The door presently opened and Garde was bidden to enter. Her heart pounded with tumultuous strokes in her breast. She could barely put one foot before the other. She caught at the door-frame to prop herself up as she entered the dimly-lighted, shadow-haunted room.
Then her gaze leaped swiftly up where the magistrates were sitting. She saw strangers only—men she knew in the town, but not David Donner. She felt she should faint, when one of the men turned about, and she recognized her grandfather, looking feverish, wild-eyed and hardly sane. This was why she had not known him sooner.
“Oh, Grandther!” she suddenly cried. “It’s I! It’s Garde! Oh, save me! Oh, take me home!”
She flung off Goody’s shawl, and darting forward ran to her grandfather’s side and threw her arms like a child about his neck, where she sobbed hysterically and laughed and begged him to take her away.
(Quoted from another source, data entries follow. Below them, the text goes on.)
(* Let $U$ be a unitary on a finite-dimensional Hilbert space $\mathcal{H}$ and consider a verification protocol for $U$ with set of test states $\mathscr{T}=\{|\psi_j\rangle\}_j$ and effective set $\mathscr{T}_{\mathrm{eff}}$. (i) If $U$ can be verified reliably by this protocol, then $\mathscr{T}$ is an identification set for $U$. (ii) If $\mathscr{T}_{\mathrm{eff}}$ is an identification set for $U$, then $U$ can be verified reliably by this protocol. (iii) If the protocol is ordinary, then $U$ can be verified reliably by it if and only if $\mathscr{T}$ is an identification set for $U$.
   Context: A verification protocol for $U$ consists of a finite set $\mathscr{T}=\{|\psi_j\rangle\}$ of pure test states, each chosen with probability $p_j>0$, and for each $j$ a verification operator $\Omega_j=\sum_lq_{jl}E_{jl}$ for the output state $U|\psi_j\rangle$, where each $E_{jl}$ satisfies $0\le E_{jl}\le I$ and $E_{jl}U|\psi_j\rangle=U|\psi_j\rangle$, and $q_{jl}>0$ sum to 1. A quantum channel $\Lambda$ passes test $j$ with probability $\mathrm{tr}[\Omega_j\Lambda(|\psi_j\rangle\langle\psi_j|)]$. $U$ is verified reliably if the unitary channel $\rho\mapsto U\rho U^\dagger$ is the only quantum channel on $\mathcal{H}$ passing every test with certainty. Let $\nu_j=1-\beta(\Omega_j)$, where $\beta(\Omega_j)$ is the second largest eigenvalue of $\Omega_j$; $|\psi_j\rangle$ is effective if $\nu_j>0$, $\mathscr{T}_{\mathrm{eff}}$ is the set of effective test states, and the protocol is ordinary if all $\nu_j>0$. A set $\mathscr{S}$ of pure states is an identification set for $U$ if every quantum channel $\Lambda$ with $\Lambda(|\psi\rangle\langle\psi|)=U|\psi\rangle\langle\psi|U^\dagger$ for all $|\psi\rangle\in\mathscr{S}$ satisfies $\Lambda(\rho)=U\rho U^\dagger$ for all density operators $\rho$ on $\mathcal{H}$. *)

theory Defs
  imports "Jordan_Normal_Form.Schur_Decomposition" "Jordan_Normal_Form.Char_Poly"
begin

(* The Hilbert space H is C^n; operators on H are complex n x n matrices (JNF "mat"). *)

definition mtrace :: "complex mat \<Rightarrow> complex" where
  "mtrace A = (\<Sum>i<dim_row A. A $$ (i,i))"

definition psd :: "nat \<Rightarrow> complex mat \<Rightarrow> bool" where
  "psd n A \<longleftrightarrow> A \<in> carrier_mat n n \<and>
     (\<forall>v \<in> carrier_vec n. Im (conjugate v \<bullet> (A *\<^sub>v v)) = 0 \<and> Re (conjugate v \<bullet> (A *\<^sub>v v)) \<ge> 0)"

definition density_op :: "nat \<Rightarrow> complex mat \<Rightarrow> bool" where
  "density_op n \<rho> \<longleftrightarrow> psd n \<rho> \<and> mtrace \<rho> = 1"

definition unitary_mat :: "nat \<Rightarrow> complex mat \<Rightarrow> bool" where
  "unitary_mat n U \<longleftrightarrow> U \<in> carrier_mat n n \<and> U * mat_adjoint U = 1\<^sub>m n \<and> mat_adjoint U * U = 1\<^sub>m n"

definition pure_state :: "nat \<Rightarrow> complex vec \<Rightarrow> bool" where
  "pure_state n \<psi> \<longleftrightarrow> \<psi> \<in> carrier_vec n \<and> conjugate \<psi> \<bullet> \<psi> = 1"

definition proj :: "nat \<Rightarrow> complex vec \<Rightarrow> complex mat" where
  "proj n \<psi> = mat n n (\<lambda>(i,j). \<psi> $ i * cnj (\<psi> $ j))"

(* block (a,b) of an operator X on H \<otimes> C^k, with basis index i*k+a for |i> \<otimes> |a> *)
definition blk :: "nat \<Rightarrow> nat \<Rightarrow> complex mat \<Rightarrow> nat \<Rightarrow> nat \<Rightarrow> complex mat" where
  "blk n k X a b = mat n n (\<lambda>(i,j). X $$ (i*k+a, j*k+b))"

(* (Lambda \<otimes> id_k) applied to X *)
definition ampl :: "nat \<Rightarrow> nat \<Rightarrow> (complex mat \<Rightarrow> complex mat) \<Rightarrow> complex mat \<Rightarrow> complex mat" where
  "ampl n k \<Lambda> X = mat (n*k) (n*k)
     (\<lambda>(p,q). (\<Lambda> (blk n k X (p mod k) (q mod k))) $$ (p div k, q div k))"

definition quantum_channel :: "nat \<Rightarrow> (complex mat \<Rightarrow> complex mat) \<Rightarrow> bool" where
  "quantum_channel n \<Lambda> \<longleftrightarrow>
     (\<forall>A \<in> carrier_mat n n. \<Lambda> A \<in> carrier_mat n n) \<and>
     (\<forall>A \<in> carrier_mat n n. \<forall>B \<in> carrier_mat n n. \<Lambda> (A + B) = \<Lambda> A + \<Lambda> B) \<and>
     (\<forall>A \<in> carrier_mat n n. \<forall>c. \<Lambda> (c \<cdot>\<^sub>m A) = c \<cdot>\<^sub>m \<Lambda> A) \<and>
     (\<forall>A \<in> carrier_mat n n. mtrace (\<Lambda> A) = mtrace A) \<and>
     (\<forall>k \<ge> 1. \<forall>X. psd (n*k) X \<longrightarrow> psd (n*k) (ampl n k \<Lambda> X))"

definition unitary_channel :: "complex mat \<Rightarrow> complex mat \<Rightarrow> complex mat" where
  "unitary_channel U \<rho> = U * \<rho> * mat_adjoint U"

definition effect :: "nat \<Rightarrow> complex mat \<Rightarrow> bool" where
  "effect n E \<longleftrightarrow> psd n E \<and> psd n (1\<^sub>m n - E)"

definition Omega :: "nat \<Rightarrow> ('j \<Rightarrow> 'l set) \<Rightarrow> ('j \<Rightarrow> 'l \<Rightarrow> real) \<Rightarrow> ('j \<Rightarrow> 'l \<Rightarrow> complex mat) \<Rightarrow> 'j \<Rightarrow> complex mat" where
  "Omega n L q E j = mat n n (\<lambda>(a,b). \<Sum>l\<in>L j. complex_of_real (q j l) * E j l $$ (a,b))"

definition verification_protocol ::
  "nat \<Rightarrow> complex mat \<Rightarrow> 'j set \<Rightarrow> ('j \<Rightarrow> complex vec) \<Rightarrow> ('j \<Rightarrow> real) \<Rightarrow>
   ('j \<Rightarrow> 'l set) \<Rightarrow> ('j \<Rightarrow> 'l \<Rightarrow> real) \<Rightarrow> ('j \<Rightarrow> 'l \<Rightarrow> complex mat) \<Rightarrow> bool" where
  "verification_protocol n U J \<psi> p L q E \<longleftrightarrow>
     finite J \<and> (\<forall>j\<in>J. pure_state n (\<psi> j)) \<and>
     (\<forall>j\<in>J. p j > 0) \<and> (\<Sum>j\<in>J. p j) = 1 \<and>
     (\<forall>j\<in>J. finite (L j) \<and> L j \<noteq> {} \<and> (\<Sum>l\<in>L j. q j l) = 1 \<and>
        (\<forall>l\<in>L j. q j l > 0 \<and> effect n (E j l) \<and>
                  E j l *\<^sub>v (U *\<^sub>v \<psi> j) = U *\<^sub>v \<psi> j))"

definition pass_prob :: "nat \<Rightarrow> ('j \<Rightarrow> 'l set) \<Rightarrow> ('j \<Rightarrow> 'l \<Rightarrow> real) \<Rightarrow> ('j \<Rightarrow> 'l \<Rightarrow> complex mat)
    \<Rightarrow> ('j \<Rightarrow> complex vec) \<Rightarrow> (complex mat \<Rightarrow> complex mat) \<Rightarrow> 'j \<Rightarrow> complex" where
  "pass_prob n L q E \<psi> \<Lambda> j = mtrace (Omega n L q E j * \<Lambda> (proj n (\<psi> j)))"

definition verified_reliably ::
  "nat \<Rightarrow> complex mat \<Rightarrow> 'j set \<Rightarrow> ('j \<Rightarrow> complex vec) \<Rightarrow>
   ('j \<Rightarrow> 'l set) \<Rightarrow> ('j \<Rightarrow> 'l \<Rightarrow> real) \<Rightarrow> ('j \<Rightarrow> 'l \<Rightarrow> complex mat) \<Rightarrow> bool" where
  "verified_reliably n U J \<psi> L q E \<longleftrightarrow>
     (\<forall>j\<in>J. pass_prob n L q E \<psi> (unitary_channel U) j = 1) \<and>
     (\<forall>\<Lambda>. quantum_channel n \<Lambda> \<and> (\<forall>j\<in>J. pass_prob n L q E \<psi> \<Lambda> j = 1) \<longrightarrow>
        (\<forall>\<rho>. density_op n \<rho> \<longrightarrow> \<Lambda> \<rho> = unitary_channel U \<rho>))"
The court was smitten with astonishment from which no one could, for the moment, recover.
Randolph had pressed quickly forward. But he now retired again into the shadow.
“What’s this? What’s this?” demanded the chief of the magistrates, sternly. “What business is this? What does this mean? Where is——”
“Witchcraft! A young witch! Cheated! We are cheated! The young witch has cheated us of the old witch!” cried Pinchbecker, shrilly.
“My child! My child!” said David Donner. “This is no witch, fellow-magistrates and friends.”
“She has cheated us of the old witch!” repeated Pinchbecker wildly. “She has daily consorted with a notorious witch. She has aided a witch to escape. She is a witch herself! We know them thus! She is a dangerous witch! She is a terrible young witch!”